*** Provided information Section Begins ***

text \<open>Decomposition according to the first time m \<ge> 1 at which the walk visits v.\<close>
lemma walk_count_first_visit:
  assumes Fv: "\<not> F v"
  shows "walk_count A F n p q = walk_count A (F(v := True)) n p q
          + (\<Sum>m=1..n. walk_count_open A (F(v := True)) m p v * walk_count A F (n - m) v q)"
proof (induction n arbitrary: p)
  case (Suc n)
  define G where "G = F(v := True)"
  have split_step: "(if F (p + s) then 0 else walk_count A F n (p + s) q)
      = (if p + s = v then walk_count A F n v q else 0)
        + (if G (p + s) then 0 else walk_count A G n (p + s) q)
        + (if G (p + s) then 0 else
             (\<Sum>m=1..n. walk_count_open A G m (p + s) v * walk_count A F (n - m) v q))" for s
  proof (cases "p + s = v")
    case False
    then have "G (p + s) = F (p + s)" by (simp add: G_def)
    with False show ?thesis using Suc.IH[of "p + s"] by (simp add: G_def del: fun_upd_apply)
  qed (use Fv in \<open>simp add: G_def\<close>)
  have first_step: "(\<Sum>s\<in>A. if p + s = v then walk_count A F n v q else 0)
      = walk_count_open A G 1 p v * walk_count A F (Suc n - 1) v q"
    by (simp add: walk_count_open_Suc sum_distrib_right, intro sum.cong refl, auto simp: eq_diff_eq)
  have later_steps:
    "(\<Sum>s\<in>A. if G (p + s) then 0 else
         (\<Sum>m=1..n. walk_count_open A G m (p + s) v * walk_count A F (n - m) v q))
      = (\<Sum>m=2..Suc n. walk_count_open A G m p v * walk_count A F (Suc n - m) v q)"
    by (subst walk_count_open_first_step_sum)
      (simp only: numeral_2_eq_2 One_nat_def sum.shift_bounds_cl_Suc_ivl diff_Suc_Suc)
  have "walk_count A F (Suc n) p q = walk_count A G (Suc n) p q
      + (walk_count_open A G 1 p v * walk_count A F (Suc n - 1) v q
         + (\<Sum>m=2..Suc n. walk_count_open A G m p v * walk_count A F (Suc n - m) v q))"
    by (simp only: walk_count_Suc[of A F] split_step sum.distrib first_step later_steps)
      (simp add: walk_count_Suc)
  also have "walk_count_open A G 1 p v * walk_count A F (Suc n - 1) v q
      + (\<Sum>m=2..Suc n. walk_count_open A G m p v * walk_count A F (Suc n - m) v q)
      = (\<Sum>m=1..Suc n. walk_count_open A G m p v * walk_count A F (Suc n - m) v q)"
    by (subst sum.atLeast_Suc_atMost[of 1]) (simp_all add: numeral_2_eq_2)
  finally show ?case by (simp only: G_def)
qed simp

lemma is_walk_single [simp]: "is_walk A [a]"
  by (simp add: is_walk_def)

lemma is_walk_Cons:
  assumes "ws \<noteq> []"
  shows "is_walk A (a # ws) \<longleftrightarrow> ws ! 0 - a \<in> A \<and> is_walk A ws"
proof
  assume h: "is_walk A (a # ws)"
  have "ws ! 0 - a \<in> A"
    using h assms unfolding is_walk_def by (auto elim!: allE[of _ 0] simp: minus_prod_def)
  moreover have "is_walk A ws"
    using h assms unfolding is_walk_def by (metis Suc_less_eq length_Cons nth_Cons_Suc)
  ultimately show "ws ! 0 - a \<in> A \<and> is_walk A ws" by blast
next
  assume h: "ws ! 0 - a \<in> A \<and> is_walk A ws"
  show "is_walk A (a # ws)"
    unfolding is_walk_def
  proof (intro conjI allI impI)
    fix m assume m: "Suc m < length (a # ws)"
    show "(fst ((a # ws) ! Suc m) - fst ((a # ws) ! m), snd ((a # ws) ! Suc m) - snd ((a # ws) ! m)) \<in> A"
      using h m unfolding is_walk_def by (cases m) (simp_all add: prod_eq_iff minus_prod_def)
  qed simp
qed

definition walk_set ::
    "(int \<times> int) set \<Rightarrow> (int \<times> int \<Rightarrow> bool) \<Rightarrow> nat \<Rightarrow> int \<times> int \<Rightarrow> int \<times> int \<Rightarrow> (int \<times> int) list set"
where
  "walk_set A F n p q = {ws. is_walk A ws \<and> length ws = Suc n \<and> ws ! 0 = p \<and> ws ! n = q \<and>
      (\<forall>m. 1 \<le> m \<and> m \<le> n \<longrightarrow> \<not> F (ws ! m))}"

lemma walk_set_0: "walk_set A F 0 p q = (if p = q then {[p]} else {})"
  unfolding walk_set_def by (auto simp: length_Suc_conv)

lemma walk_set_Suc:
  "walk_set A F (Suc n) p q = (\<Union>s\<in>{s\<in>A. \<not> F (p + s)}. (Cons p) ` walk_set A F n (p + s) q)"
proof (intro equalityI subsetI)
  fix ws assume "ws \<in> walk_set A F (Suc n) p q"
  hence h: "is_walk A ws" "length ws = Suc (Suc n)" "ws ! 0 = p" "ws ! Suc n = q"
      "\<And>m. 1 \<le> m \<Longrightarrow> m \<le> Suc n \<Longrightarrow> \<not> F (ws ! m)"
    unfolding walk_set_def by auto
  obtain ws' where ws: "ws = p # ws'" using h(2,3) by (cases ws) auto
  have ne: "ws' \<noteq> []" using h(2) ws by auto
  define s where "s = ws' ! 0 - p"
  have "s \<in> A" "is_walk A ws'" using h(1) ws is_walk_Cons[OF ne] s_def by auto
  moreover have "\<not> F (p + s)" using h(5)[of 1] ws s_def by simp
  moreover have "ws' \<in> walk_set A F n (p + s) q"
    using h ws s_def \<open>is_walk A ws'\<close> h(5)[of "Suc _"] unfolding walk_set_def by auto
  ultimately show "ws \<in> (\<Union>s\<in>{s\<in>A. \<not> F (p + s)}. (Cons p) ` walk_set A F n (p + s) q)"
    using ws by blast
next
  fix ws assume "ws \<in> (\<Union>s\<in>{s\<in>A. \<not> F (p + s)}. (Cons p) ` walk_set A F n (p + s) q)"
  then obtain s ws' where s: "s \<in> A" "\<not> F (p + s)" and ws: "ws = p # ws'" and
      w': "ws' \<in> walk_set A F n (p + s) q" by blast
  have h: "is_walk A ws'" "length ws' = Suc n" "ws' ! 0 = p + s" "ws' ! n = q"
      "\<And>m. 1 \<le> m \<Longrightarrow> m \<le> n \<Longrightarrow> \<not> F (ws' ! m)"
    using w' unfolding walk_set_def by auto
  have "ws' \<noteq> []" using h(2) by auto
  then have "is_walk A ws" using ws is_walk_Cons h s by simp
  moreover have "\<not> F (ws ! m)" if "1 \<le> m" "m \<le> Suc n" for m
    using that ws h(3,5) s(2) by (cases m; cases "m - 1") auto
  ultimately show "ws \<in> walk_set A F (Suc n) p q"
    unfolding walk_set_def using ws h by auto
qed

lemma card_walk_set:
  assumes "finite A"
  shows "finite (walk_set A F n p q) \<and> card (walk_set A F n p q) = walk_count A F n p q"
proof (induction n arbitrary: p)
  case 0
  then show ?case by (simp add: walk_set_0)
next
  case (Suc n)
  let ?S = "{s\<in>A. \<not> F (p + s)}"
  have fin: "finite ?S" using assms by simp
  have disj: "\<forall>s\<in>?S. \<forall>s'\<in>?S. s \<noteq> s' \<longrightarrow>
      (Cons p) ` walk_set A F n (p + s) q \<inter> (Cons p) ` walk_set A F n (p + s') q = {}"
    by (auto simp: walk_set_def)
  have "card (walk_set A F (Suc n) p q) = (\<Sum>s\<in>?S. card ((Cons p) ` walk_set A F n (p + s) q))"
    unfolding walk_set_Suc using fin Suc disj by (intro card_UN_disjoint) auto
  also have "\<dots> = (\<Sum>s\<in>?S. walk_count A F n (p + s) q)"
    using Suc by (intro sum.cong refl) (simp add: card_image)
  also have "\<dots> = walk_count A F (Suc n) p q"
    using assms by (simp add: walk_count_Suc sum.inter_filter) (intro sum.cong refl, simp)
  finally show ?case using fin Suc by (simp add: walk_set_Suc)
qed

*** Provided information Section Ends ***
*** Provided information Section Begins ***

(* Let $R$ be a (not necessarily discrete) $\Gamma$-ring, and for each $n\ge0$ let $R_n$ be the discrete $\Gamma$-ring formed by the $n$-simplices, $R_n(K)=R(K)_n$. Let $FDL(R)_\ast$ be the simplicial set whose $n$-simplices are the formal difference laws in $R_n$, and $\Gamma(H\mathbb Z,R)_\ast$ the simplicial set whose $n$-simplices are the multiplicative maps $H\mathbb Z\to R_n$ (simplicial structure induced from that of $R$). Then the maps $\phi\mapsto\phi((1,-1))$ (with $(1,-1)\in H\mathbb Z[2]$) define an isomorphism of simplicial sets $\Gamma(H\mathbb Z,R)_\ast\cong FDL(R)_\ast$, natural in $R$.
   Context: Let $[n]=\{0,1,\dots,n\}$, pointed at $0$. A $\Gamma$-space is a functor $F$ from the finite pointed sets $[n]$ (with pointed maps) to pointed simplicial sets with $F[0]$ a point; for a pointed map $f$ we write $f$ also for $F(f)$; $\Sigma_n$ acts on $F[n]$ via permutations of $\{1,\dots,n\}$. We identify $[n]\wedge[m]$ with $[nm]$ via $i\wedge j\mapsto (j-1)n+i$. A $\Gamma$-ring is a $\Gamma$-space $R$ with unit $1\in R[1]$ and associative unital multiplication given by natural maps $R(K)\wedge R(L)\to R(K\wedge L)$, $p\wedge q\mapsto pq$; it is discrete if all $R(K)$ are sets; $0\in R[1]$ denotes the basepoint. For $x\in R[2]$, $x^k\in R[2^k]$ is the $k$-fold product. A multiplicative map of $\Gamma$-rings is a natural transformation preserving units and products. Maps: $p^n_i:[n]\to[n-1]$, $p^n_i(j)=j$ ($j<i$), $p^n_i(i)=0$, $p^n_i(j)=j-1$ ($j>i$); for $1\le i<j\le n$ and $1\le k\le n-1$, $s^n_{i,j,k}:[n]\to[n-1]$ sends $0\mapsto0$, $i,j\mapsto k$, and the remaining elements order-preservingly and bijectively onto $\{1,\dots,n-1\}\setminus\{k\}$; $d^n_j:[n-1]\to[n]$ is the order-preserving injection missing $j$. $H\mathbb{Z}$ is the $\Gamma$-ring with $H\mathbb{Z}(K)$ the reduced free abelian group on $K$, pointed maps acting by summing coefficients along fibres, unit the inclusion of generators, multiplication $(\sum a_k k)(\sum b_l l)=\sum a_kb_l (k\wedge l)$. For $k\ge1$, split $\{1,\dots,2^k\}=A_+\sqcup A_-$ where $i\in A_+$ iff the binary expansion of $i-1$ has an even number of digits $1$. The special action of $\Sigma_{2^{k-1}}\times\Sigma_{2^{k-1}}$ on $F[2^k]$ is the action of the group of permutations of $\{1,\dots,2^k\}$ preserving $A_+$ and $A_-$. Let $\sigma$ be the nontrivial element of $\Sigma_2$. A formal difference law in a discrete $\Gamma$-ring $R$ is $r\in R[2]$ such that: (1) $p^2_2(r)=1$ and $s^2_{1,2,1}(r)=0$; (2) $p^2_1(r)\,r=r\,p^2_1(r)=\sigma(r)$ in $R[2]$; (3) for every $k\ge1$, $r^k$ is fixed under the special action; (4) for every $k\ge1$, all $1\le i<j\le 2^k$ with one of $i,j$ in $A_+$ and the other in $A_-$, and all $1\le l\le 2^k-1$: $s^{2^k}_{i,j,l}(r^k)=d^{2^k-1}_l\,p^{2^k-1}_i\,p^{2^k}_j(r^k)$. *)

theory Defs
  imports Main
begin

*** Provided information Section Ends ***

**Activity**.
Every line of the records that includes the word "lemma" should be gathered.

**Exercise solution**.
lemma walk_count_first_visit:
lemma is_walk_single [simp]: "is_walk A [a]"
lemma is_walk_Cons:
lemma walk_set_0: "walk_set A F 0 p q = (if p = q then {[p]} else {})"
lemma walk_set_Suc:
lemma card_walk_set:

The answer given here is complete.